▸ WORK INSTRUCTION:
Which of the lines in the data below contain the string "there"? Copy each of them.

──────── DATA TO PROCESS ────────

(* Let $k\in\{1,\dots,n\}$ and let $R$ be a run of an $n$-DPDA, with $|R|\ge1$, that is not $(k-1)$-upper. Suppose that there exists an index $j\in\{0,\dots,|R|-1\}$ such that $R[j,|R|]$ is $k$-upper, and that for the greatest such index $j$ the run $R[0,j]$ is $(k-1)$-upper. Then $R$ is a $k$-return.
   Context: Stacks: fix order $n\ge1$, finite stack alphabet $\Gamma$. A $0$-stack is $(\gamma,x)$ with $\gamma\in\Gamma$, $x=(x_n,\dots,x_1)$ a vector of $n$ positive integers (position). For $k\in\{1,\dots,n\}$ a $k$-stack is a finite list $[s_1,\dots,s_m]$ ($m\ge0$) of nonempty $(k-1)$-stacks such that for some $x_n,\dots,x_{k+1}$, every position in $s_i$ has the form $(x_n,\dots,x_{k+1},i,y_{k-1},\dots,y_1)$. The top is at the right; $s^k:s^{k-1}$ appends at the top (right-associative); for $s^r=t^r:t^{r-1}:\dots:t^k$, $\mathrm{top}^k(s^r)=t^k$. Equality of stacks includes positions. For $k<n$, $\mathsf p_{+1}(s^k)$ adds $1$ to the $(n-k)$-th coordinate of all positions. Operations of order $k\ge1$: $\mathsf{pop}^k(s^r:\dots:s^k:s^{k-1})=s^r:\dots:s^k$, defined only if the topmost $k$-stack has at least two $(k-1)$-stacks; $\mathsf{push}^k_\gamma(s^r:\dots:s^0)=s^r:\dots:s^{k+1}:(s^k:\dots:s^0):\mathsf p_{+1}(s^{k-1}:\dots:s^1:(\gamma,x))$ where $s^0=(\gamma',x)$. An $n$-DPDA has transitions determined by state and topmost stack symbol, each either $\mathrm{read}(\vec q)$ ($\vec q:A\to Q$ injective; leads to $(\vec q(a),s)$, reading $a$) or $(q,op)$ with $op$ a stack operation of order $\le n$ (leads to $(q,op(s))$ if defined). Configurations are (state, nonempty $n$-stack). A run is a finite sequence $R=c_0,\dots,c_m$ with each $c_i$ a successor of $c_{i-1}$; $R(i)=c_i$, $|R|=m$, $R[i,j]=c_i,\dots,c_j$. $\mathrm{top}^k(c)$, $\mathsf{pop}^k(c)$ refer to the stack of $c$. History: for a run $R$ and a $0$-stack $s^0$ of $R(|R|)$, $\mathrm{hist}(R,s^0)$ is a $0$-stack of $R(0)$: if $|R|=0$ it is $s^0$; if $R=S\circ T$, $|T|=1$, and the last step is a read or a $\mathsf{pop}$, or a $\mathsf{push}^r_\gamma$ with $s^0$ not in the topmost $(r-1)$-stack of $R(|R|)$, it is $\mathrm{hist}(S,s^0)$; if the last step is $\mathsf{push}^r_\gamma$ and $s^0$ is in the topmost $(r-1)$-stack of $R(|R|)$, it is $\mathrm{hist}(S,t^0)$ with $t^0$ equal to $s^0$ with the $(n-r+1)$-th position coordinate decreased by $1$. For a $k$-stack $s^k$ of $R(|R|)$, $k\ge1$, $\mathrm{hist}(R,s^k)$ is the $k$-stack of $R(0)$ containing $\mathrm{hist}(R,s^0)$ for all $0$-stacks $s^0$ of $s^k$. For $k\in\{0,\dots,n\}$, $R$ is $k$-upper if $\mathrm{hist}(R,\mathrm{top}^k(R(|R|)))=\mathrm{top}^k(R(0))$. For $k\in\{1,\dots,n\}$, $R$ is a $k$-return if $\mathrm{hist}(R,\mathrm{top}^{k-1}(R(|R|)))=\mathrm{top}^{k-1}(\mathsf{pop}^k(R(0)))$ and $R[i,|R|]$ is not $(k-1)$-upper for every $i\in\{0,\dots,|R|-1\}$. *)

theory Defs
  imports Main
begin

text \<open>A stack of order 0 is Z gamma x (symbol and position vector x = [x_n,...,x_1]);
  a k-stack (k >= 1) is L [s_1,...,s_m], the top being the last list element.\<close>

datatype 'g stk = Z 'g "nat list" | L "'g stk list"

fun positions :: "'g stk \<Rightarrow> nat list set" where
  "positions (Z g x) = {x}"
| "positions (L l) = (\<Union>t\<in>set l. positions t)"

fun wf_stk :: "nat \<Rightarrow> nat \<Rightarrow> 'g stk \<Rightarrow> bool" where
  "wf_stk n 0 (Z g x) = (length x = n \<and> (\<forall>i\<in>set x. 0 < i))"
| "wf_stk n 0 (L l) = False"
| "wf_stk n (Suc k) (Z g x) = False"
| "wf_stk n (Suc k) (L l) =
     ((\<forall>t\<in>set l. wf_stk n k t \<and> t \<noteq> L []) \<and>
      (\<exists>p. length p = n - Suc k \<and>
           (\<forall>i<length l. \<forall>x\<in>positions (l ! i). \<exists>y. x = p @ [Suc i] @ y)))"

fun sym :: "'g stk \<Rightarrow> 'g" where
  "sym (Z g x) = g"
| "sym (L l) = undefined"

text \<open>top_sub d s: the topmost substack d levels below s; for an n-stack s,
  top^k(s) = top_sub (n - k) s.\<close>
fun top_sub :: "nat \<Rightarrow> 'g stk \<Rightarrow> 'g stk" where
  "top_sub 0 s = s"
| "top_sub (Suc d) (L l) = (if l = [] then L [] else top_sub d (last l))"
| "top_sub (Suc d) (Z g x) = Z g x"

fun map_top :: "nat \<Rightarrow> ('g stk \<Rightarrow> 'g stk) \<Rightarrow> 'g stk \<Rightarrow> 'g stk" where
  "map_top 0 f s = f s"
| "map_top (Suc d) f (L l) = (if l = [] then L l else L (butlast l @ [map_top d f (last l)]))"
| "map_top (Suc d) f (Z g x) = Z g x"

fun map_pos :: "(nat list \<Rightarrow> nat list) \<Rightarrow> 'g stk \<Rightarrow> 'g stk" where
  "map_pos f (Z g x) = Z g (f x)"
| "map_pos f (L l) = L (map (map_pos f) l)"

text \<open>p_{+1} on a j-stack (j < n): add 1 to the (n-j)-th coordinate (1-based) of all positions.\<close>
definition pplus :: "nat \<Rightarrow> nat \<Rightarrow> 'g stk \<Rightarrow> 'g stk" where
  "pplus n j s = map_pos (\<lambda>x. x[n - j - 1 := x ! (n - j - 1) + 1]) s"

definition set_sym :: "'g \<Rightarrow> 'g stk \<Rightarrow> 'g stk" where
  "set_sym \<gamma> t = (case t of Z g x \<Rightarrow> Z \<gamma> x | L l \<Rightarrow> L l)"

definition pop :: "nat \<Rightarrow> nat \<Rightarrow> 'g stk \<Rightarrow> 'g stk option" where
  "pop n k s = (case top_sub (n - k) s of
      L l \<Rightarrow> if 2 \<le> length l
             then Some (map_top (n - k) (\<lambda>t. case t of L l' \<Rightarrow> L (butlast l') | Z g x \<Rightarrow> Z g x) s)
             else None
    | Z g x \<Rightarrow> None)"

────────
──────── DATA TO PROCESS ────────

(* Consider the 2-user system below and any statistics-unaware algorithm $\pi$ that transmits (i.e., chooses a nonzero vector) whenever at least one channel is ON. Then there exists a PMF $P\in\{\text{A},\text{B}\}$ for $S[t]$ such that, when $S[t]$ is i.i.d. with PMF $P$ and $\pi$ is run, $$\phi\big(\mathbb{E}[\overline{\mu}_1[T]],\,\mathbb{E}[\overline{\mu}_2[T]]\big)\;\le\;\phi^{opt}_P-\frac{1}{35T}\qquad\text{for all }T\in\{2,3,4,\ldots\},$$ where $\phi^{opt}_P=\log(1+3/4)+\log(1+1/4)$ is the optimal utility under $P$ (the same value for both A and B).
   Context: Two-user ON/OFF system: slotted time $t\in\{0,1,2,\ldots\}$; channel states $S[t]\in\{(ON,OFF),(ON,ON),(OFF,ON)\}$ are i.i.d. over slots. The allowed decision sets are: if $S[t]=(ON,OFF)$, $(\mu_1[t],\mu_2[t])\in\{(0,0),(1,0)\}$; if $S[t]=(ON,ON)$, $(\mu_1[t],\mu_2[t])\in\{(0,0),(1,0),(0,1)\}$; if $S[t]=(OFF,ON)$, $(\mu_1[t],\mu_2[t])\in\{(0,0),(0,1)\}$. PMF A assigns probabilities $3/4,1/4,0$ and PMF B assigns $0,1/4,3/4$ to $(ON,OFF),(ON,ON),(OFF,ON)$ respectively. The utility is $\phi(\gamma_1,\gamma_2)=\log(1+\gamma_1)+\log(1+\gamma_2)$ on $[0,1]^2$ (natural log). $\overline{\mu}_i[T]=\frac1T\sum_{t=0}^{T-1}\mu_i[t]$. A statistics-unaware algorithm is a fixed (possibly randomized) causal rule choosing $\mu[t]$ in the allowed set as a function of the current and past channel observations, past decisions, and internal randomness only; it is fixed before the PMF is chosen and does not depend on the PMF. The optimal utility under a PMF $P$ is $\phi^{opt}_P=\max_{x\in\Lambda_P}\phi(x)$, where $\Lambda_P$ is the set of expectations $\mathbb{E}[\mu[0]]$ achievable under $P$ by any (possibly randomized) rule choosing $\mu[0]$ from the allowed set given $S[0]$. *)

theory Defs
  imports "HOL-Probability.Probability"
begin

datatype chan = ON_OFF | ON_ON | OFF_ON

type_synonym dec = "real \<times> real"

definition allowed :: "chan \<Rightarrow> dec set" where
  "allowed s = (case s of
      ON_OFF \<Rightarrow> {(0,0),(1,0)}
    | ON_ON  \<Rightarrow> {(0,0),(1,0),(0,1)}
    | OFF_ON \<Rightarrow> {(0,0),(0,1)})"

────────

▸ TASK RESPONSE:
(* Let $k\in\{1,\dots,n\}$ and let $R$ be a run of an $n$-DPDA, with $|R|\ge1$, that is not $(k-1)$-upper. Suppose that there exists an index $j\in\{0,\dots,|R|-1\}$ such that $R[j,|R|]$ is $k$-upper, and that for the greatest such index $j$ the run $R[0,j]$ is $(k-1)$-upper. Then $R$ is a $k$-return.
(* Consider the 2-user system below and any statistics-unaware algorithm $\pi$ that transmits (i.e., chooses a nonzero vector) whenever at least one channel is ON. Then there exists a PMF $P\in\{\text{A},\text{B}\}$ for $S[t]$ such that, when $S[t]$ is i.i.d. with PMF $P$ and $\pi$ is run, $$\phi\big(\mathbb{E}[\overline{\mu}_1[T]],\,\mathbb{E}[\overline{\mu}_2[T]]\big)\;\le\;\phi^{opt}_P-\frac{1}{35T}\qquad\text{for all }T\in\{2,3,4,\ldots\},$$ where $\phi^{opt}_P=\log(1+3/4)+\log(1+1/4)$ is the optimal utility under $P$ (the same value for both A and B).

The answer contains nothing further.